Channel site provisioning
In order to provisioning the SharePoint Online channel site (TEAMCHANNEL#0), we need a Graph call that basically ‘visits’ the filesfolder for the private channel.
The following script gets a token from the Graph, then gets a list of Teams and private channels within and then perfom the ‘visit’ for the primary and private channels.

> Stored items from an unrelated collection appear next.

lemma turn_Suc:
  "turn lam y r k < turn lam y r (Suc k) \<and> record_step lam y r (turn lam y r (Suc k))
   \<and> r (turn lam y r (Suc k)) \<noteq> r (turn lam y r k)"
proof -
  obtain i where "turn lam y r k < i \<and> record_step lam y r i \<and> r i = (\<not> r (turn lam y r k))"
    using record_step_exists[OF valid] by blast
  hence "turn lam y r k < i \<and> record_step lam y r i \<and> r i \<noteq> r (turn lam y r k)" by simp
  thus ?thesis unfolding turn.simps(2) by (rule LeastI)
qed

lemma turn_record: "record_step lam y r (turn lam y r k)"
  by (cases k) (simp_all only: turn_0_record turn_Suc)

lemma turn_ge_1: "1 \<le> turn lam y r k"
  using turn_record[of k] unfolding record_step_def by blast

lemma turn_strict_mono: "m < n \<Longrightarrow> turn lam y r m < turn lam y r n"
  by (rule lift_Suc_mono_less[of "turn lam y r"]) (use turn_Suc in blast)

lemma turn_0_first: "record_step lam y r i \<Longrightarrow> turn lam y r 0 \<le> i"
  unfolding turn.simps(1) by (rule Least_le)

lemma records_between_turns:
  assumes "turn lam y r k \<le> i" "i < turn lam y r (Suc k)" "record_step lam y r i"
  shows "r i = r (turn lam y r k)"
proof (cases "i = turn lam y r k")
  case False
  hence "turn lam y r k < i" using assms by simp
  moreover have "\<not> (turn lam y r k < i \<and> record_step lam y r i \<and> r i \<noteq> r (turn lam y r k))"
    using not_less_Least[of i] assms(2) by (simp only: turn.simps(2))
  ultimately show ?thesis using assms(3) by blast
qed simp

end


section \<open>The lower bound\<close>

context
  fixes lam t R :: real and y :: "nat \<Rightarrow> real" and r :: "nat \<Rightarrow> bool"
  assumes valid: "valid_strategy y r" and lam: "lam > 0" and t: "t > 0"
    and ratio: "\<And>rho D. lam \<le> D \<Longrightarrow> search_cost t y r rho D / D \<le> R"
begin

abbreviation turn_cost :: "nat \<Rightarrow> real" where
  "turn_cost k \<equiv> prefix_cost t y (turn lam y r k - 1)"

lemma turn_cost_strict_mono: "turn_cost k < turn_cost (Suc k)"
proof -
  have "turn lam y r k - 1 < turn lam y r (Suc k) - 1"
    using turn_strict_mono[OF valid, of k "Suc k" lam] turn_ge_1[OF valid, of lam k] by simp
  thus ?thesis using prefix_cost_strict_mono[OF valid] t by (simp add: strict_mono_less)
qed

lemma turn_cost_nonneg: "turn_cost k \<ge> 0"
  using prefix_cost_mono[OF valid, of t 0] t by simp

text \<open>Before the second turn, the ray of the second turn was never explored
  beyond lam.\<close>

lemma first_turn_cost: "turn_cost 1 \<le> (R - 1) * lam"
proof (rule prefix_cost_bound[OF valid _ ratio lam])
  fix i assume i: "1 \<le> i" "i \<le> turn lam y r 1 - 1" "r i = r (turn lam y r 1)"
  show "y i \<le> lam"
  proof (rule ccontr)
    assume "\<not> y i \<le> lam"
    then obtain j where j: "1 \<le> j" "j \<le> turn lam y r 1 - 1" "r j = r (turn lam y r 1)"
      "record_step lam y r j"
      using farthest_step_is_record[of i "turn lam y r 1 - 1" r _ lam y] i by auto
    have "turn lam y r 0 \<le> j" using turn_0_first[OF valid j(4)] .
    moreover have "j < turn lam y r (Suc 0)" using j(2) turn_ge_1[OF valid, of lam 1] by simp
    ultimately have "r j = r (turn lam y r 0)" using records_between_turns[OF valid _ _ j(4)] by blast
    with j(3) turn_Suc[OF valid, of lam 0] show False by simp
  qed
qed (use t in auto)

lemma ratio_gt_1: "R > 1"
proof -
  have "turn lam y r 0 - 1 < turn lam y r 1 - 1"
    using turn_strict_mono[OF valid, of 0 1 lam] turn_ge_1[OF valid, of lam 0] by simp
  hence "turn_cost 1 > 0"
    using turn_cost_strict_mono[of 0] turn_cost_nonneg[of 0] by simp
  with first_turn_cost lam show ?thesis by (smt (verit) mult_nonpos_nonneg)
qed

text \<open>The recurrence: let j be the first farthest step on the ray of turn k
  before turn k+2.  It is a record between turns k and k+1, so its full cost
  2 y j + t fits into the cost spent between these turns, while the cost before
  turn k+2 is at most (R - 1) y j by the basic constraint.\<close>

lemma turn_cost_recurrence:
  "turn_cost (Suc (Suc k)) \<le> (R - 1) / 2 * (turn_cost (Suc k) - turn_cost k - t)"
proof -
  let ?g = "turn lam y r" and ?n = "turn lam y r (Suc (Suc k)) - 1"
  have gk: "?g k \<le> ?n" using turn_strict_mono[OF valid, of k "Suc (Suc k)" lam] by simp
  have yk: "lam < y (?g k)" using turn_record[OF valid, of lam k] by (simp add: record_step_def)
  obtain j where j: "1 \<le> j" "j \<le> ?n" "r j = r (?g k)" "record_step lam y r j"
    and farthest: "\<And>i. 1 \<le> i \<Longrightarrow> i \<le> ?n \<Longrightarrow> r i = r (?g k) \<Longrightarrow> y i \<le> y j"
    using farthest_step_is_record[of "?g k" ?n r "r (?g k)" lam y] turn_ge_1[OF valid] gk yk
    by blast
  have lo: "?g k \<le> j"
  proof (rule ccontr)
    assume "\<not> ?g k \<le> j"
    hence "y j < y (?g k)" using turn_record[OF valid, of lam k] j(1,3) by (auto simp: record_step_def)
    with farthest[of "?g k"] turn_ge_1[OF valid] gk show False by fastforce
  qed
  have hi: "j < ?g (Suc k)"
  proof (rule ccontr)
    assume "\<not> j < ?g (Suc k)"
    moreover have "j < ?g (Suc (Suc k))" using j(2) turn_ge_1[OF valid, of lam "Suc (Suc k)"] by simp
    ultimately have "r j = r (?g (Suc k))" using records_between_turns[OF valid _ _ j(4)] by simp
    with j(3) turn_Suc[OF valid, of lam k] show False by simp
  qed
  have "lam \<le> y j" using j(4) by (simp add: record_step_def)
  hence reach: "turn_cost (Suc (Suc k)) \<le> (R - 1) * y j"
    using prefix_cost_bound[OF valid _ ratio lam _ farthest] t by simp
  have "prefix_cost t y j = prefix_cost t y (j - 1) + (2 * y j + t)"
    using j(1) prefix_cost_Suc[of t y "j - 1"] by simp
  moreover have "prefix_cost t y j \<le> turn_cost (Suc k)"
    using prefix_cost_mono[OF valid] hi t by simp
  moreover have "turn_cost k \<le> prefix_cost t y (j - 1)"
    using prefix_cost_mono[OF valid] lo t by simp
  ultimately have "y j \<le> (turn_cost (Suc k) - turn_cost k - t) / 2" by simp
  hence "(R - 1) * y j \<le> (R - 1) * ((turn_cost (Suc k) - turn_cost k - t) / 2)"
    using ratio_gt_1 by (intro mult_left_mono) auto
  with reach show ?thesis by simp
qed
(* Let $G$ be a connected simplicial group and $f\colon G\to G$ a pointed simplicial map such that $f_*\colon\pi_*G\to\pi_*G$ is idempotent. Let $g\colon G\to G$ be the pointwise product $g(x)=x\cdot f(x)^{-1}$. Then, as a simplicial set, $G$ is weakly equivalent to $A\times B$, where $A=\mathrm{colim}(G\xrightarrow{f}G\xrightarrow{f}\cdots)$ and $B=\mathrm{colim}(G\xrightarrow{g}G\xrightarrow{g}\cdots)$; the weak equivalence is the composite $G\xrightarrow{\Delta}G\times G\to A\times B$ of the diagonal with the maps into the colimits.
   Context: Colimits are sequential colimits (mapping telescopes) in pointed simplicial sets. *)

theory Defs
  imports "HOL-Algebra.Group"
begin

text \<open>A simplicial set over element type 'a: sets of n-simplices, and for each
monotone map theta : [m] -> [n] the induced map act m n theta : X_n -> X_m.\<close>

record 'a sset =
  cells :: "nat \<Rightarrow> 'a set"
  act :: "nat \<Rightarrow> nat \<Rightarrow> (nat \<Rightarrow> nat) \<Rightarrow> 'a \<Rightarrow> 'a"

definition delta_mor :: "nat \<Rightarrow> nat \<Rightarrow> (nat \<Rightarrow> nat) \<Rightarrow> bool" where
  "delta_mor m n \<theta> \<longleftrightarrow> (\<forall>i\<le>m. \<theta> i \<le> n) \<and> (\<forall>i j. i \<le> j \<and> j \<le> m \<longrightarrow> \<theta> i \<le> \<theta> j)"

definition sset :: "'a sset \<Rightarrow> bool" where
  "sset X \<longleftrightarrow>
     (\<forall>m n \<theta> x. delta_mor m n \<theta> \<and> x \<in> cells X n \<longrightarrow> act X m n \<theta> x \<in> cells X m) \<and>
     (\<forall>n x. x \<in> cells X n \<longrightarrow> act X n n id x = x) \<and>
     (\<forall>l m n \<theta> \<phi> x. delta_mor l m \<theta> \<and> delta_mor m n \<phi> \<and> x \<in> cells X n \<longrightarrow>
          act X l m \<theta> (act X m n \<phi> x) = act X l n (\<phi> \<circ> \<theta>) x) \<and>
     (\<forall>m n \<theta> \<theta>' x. delta_mor m n \<theta> \<and> (\<forall>i\<le>m. \<theta> i = \<theta>' i) \<and> x \<in> cells X n \<longrightarrow>
          act X m n \<theta> x = act X m n \<theta>' x)"

definition smap :: "'a sset \<Rightarrow> 'b sset \<Rightarrow> (nat \<Rightarrow> 'a \<Rightarrow> 'b) \<Rightarrow> bool" where
  "smap X Y F \<longleftrightarrow>
     (\<forall>n x. x \<in> cells X n \<longrightarrow> F n x \<in> cells Y n) \<and>
     (\<forall>m n \<theta> x. delta_mor m n \<theta> \<and> x \<in> cells X n \<longrightarrow>
          F m (act X m n \<theta> x) = act Y m n \<theta> (F n x))"

definition face :: "'a sset \<Rightarrow> nat \<Rightarrow> nat \<Rightarrow> 'a \<Rightarrow> 'a" where
  "face X n i x = act X n (Suc n) (\<lambda>j. if j < i then j else Suc j) x"

definition pt :: "'a sset \<Rightarrow> nat \<Rightarrow> 'a \<Rightarrow> 'a" where
  "pt X n v = act X n 0 (\<lambda>_. 0) v"

definition kan :: "'a sset \<Rightarrow> bool" where
  "kan X \<longleftrightarrow>
     (\<forall>n k y. k \<le> Suc n \<and> (\<forall>i\<le>Suc n. i \<noteq> k \<longrightarrow> y i \<in> cells X n) \<and>
        (\<forall>p i j. n = Suc p \<and> i < j \<and> j \<le> Suc n \<and> i \<noteq> k \<and> j \<noteq> k \<longrightarrow>
             face X p i (y j) = face X p (j - 1) (y i))
      \<longrightarrow> (\<exists>x\<in>cells X (Suc n). \<forall>i\<le>Suc n. i \<noteq> k \<longrightarrow> face X n i x = y i))"

text \<open>Spherical k-simplices at vertex v (representatives of pi_k(X,v)).\<close>
definition sph :: "'a sset \<Rightarrow> 'a \<Rightarrow> nat \<Rightarrow> 'a \<Rightarrow> bool" where
  "sph X v k x \<longleftrightarrow> x \<in> cells X k \<and>
     (\<forall>j i. k = Suc j \<and> i \<le> k \<longrightarrow> face X j i x = pt X j v)"

text \<open>Combinatorial homotopy relation on spherical k-simplices at v
(for k = 0 this is the relation defining pi_0).\<close>
definition htp :: "'a sset \<Rightarrow> 'a \<Rightarrow> nat \<Rightarrow> 'a \<Rightarrow> 'a \<Rightarrow> bool" where
  "htp X v k x y \<longleftrightarrow> (\<exists>z\<in>cells X (Suc k).
     (\<forall>i<k. face X k i z = pt X k v) \<and> face X k k z = x \<and> face X k (Suc k) z = y)"

text \<open>Weak equivalence between Kan complexes: bijection on pi_0 and on all
combinatorial homotopy groups pi_k, k >= 1, at every base vertex.\<close>
definition weq :: "'a sset \<Rightarrow> 'b sset \<Rightarrow> (nat \<Rightarrow> 'a \<Rightarrow> 'b) \<Rightarrow> bool" where
  "weq X Y F \<longleftrightarrow> sset X \<and> sset Y \<and> kan X \<and> kan Y \<and> smap X Y F \<and>
     (\<forall>y\<in>cells Y 0. \<exists>x\<in>cells X 0. htp Y y 0 (F 0 x) y) \<and>
     (\<forall>x\<in>cells X 0. \<forall>x'\<in>cells X 0. htp Y (F 0 x) 0 (F 0 x) (F 0 x') \<longrightarrow> htp X x 0 x x') \<and>
     (\<forall>v\<in>cells X 0. \<forall>k>0.
        (\<forall>y. sph Y (F 0 v) k y \<longrightarrow> (\<exists>x. sph X v k x \<and> htp Y (F 0 v) k (F k x) y)) \<and>
        (\<forall>x x'. sph X v k x \<and> sph X v k x' \<and> htp Y (F 0 v) k (F k x) (F k x')
                 \<longrightarrow> htp X v k x x'))"

definition grp :: "'a sset \<Rightarrow> (nat \<Rightarrow> 'a \<Rightarrow> 'a \<Rightarrow> 'a) \<Rightarrow> (nat \<Rightarrow> 'a) \<Rightarrow> nat \<Rightarrow> 'a monoid" where
  "grp X mul e n = \<lparr>carrier = cells X n, mult = mul n, one = e n\<rparr>"

definition sgroup :: "'a sset \<Rightarrow> (nat \<Rightarrow> 'a \<Rightarrow> 'a \<Rightarrow> 'a) \<Rightarrow> (nat \<Rightarrow> 'a) \<Rightarrow> bool" where
  "sgroup X mul e \<longleftrightarrow> sset X \<and> (\<forall>n. group (grp X mul e n)) \<and>
     (\<forall>m n \<theta> x y. delta_mor m n \<theta> \<and> x \<in> cells X n \<and> y \<in> cells X n \<longrightarrow>
        act X m n \<theta> (mul n x y) = mul m (act X m n \<theta> x) (act X m n \<theta> y))"

definition tel_rel :: "'a sset \<Rightarrow> (nat \<Rightarrow> 'a \<Rightarrow> 'a) \<Rightarrow> nat \<Rightarrow> ((nat \<times> 'a) \<times> (nat \<times> 'a)) set" where
  "tel_rel X F n = {((i, x), (j, y)). x \<in> cells X n \<and> y \<in> cells X n \<and>
      (\<exists>m. i \<le> m \<and> j \<le> m \<and> (F n ^^ (m - i)) x = (F n ^^ (m - j)) y)}"

definition colim :: "'a sset \<Rightarrow> (nat \<Rightarrow> 'a \<Rightarrow> 'a) \<Rightarrow> (nat \<times> 'a) set sset" where
  "colim X F = \<lparr>cells = (\<lambda>n. (UNIV \<times> cells X n) // tel_rel X F n),
     act = (\<lambda>m n \<theta> c. \<Union>((\<lambda>(i, x). tel_rel X F m `` {(i, act X m n \<theta> x)}) ` c))\<rparr>"

definition colim_in :: "'a sset \<Rightarrow> (nat \<Rightarrow> 'a \<Rightarrow> 'a) \<Rightarrow> nat \<Rightarrow> 'a \<Rightarrow> (nat \<times> 'a) set" where
  "colim_in X F n x = tel_rel X F n `` {(0, x)}"

definition sprod :: "'a sset \<Rightarrow> 'b sset \<Rightarrow> ('a \<times> 'b) sset" where
  "sprod X Y = \<lparr>cells = (\<lambda>n. cells X n \<times> cells Y n),
     act = (\<lambda>m n \<theta> (a, b). (act X m n \<theta> a, act Y m n \<theta> b))\<rparr>"

end

theory Submission
  imports Defs
begin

We’ll asume a small list without introducing paging in the script, to keep things simple.
#Session variables
$orgName = 'Contoso'
$appRegName = 'ContosoProvisioning'
#Get the stored credentials from the Windows Credential Store
$credential = Get-PnPStoredCredential -Name $appRegName -Type 'PSCredential'
#Connect to SharePoint Online using clientApp and certificate credentials
Connect-PnPOnline -Url "https://$($orgName)-admin.sharepoint.com" -ClientId $credential.UserName -Thumbprint $credential.GetNetworkCredential().Password -Tenant "$dstTenantName.onmicrosoft.com" -ReturnConnection
#Request graph access toeken
$accessToken = Get-PnPGraphAccessToken
#Get teams data via the Graph
$response = Invoke-RestMethod -Headers @{Authorization = "Bearer $accessToken" } -Uri 'https://graph.microsoft.com/beta/teams' -Method 'GET' -ContentType 'application/json'
#Select the data for each team
$teams = $response.value | Select-Object 'displayName', 'id'
#Loop through each team
foreach ($team in $teams) {
#Capture critical errors on rowlevel
try {
#Get the primary channel
$primaryChannel = Invoke-RestMethod -Headers @{Authorization = "Bearer $accessToken" } -Uri "https://graph.microsoft.com/beta/teams/$($team.id)/primaryChannel" -Method 'GET' -ContentType 'application/json' | Select-Object 'displayName', 'id'
$privateChannels = (Invoke-RestMethod -Headers @{Authorization = "Bearer $accessToken" } -Uri "https://graph.microsoft.com/beta/teams/$($team.id)/channels?`$filter=membershipType eq `'private`'" -Method 'GET' -ContentType 'application/json').value | Select-Object 'displayName', 'id'
#Trigger private channel SharePoint Onlinesite creation
Invoke-RestMethod -Headers @{Authorization = "Bearer $accessToken" } -Uri "https://graph.microsoft.com/beta/teams/$($team.id)/channels/$($primaryChannel.id)/filesFolder" | Out-Null
foreach ($privateChannel in $privateChannels) {
#Attempt private channel check
$stopLoop = $false
[int]$retryCount = '0'
do {
try {
Invoke-RestMethod -Headers @{Authorization = "Bearer $accessToken" } -Uri "https://graph.microsoft.com/beta/teams/$($team.id)/channels/$($privateChannel.id)/filesFolder"
$stopLoop = $true
}
catch {
if ($retryCount -gt $maxRetryCount) {
$stoploop = $true
}
else {
Start-Sleep -Seconds 5
$retryCount = $retryCount + 1
}
}
}
While ($stopLoop -eq $false)
}
}
catch {
Write-Host $_
}
}
After completion, you should verify if the channel sites are indeed provisioned. The script does have some retry logic and pausing to handle wait times when performing the ‘visit’.
Further development
Please note that this script was created rather quickly to fulfil a specific requirement and may need some adjustments to e.g. adapt to a larger scale, or using an input file to scope the provisioning.
But perhaps it can be a good starter to include in your migration preparation activities.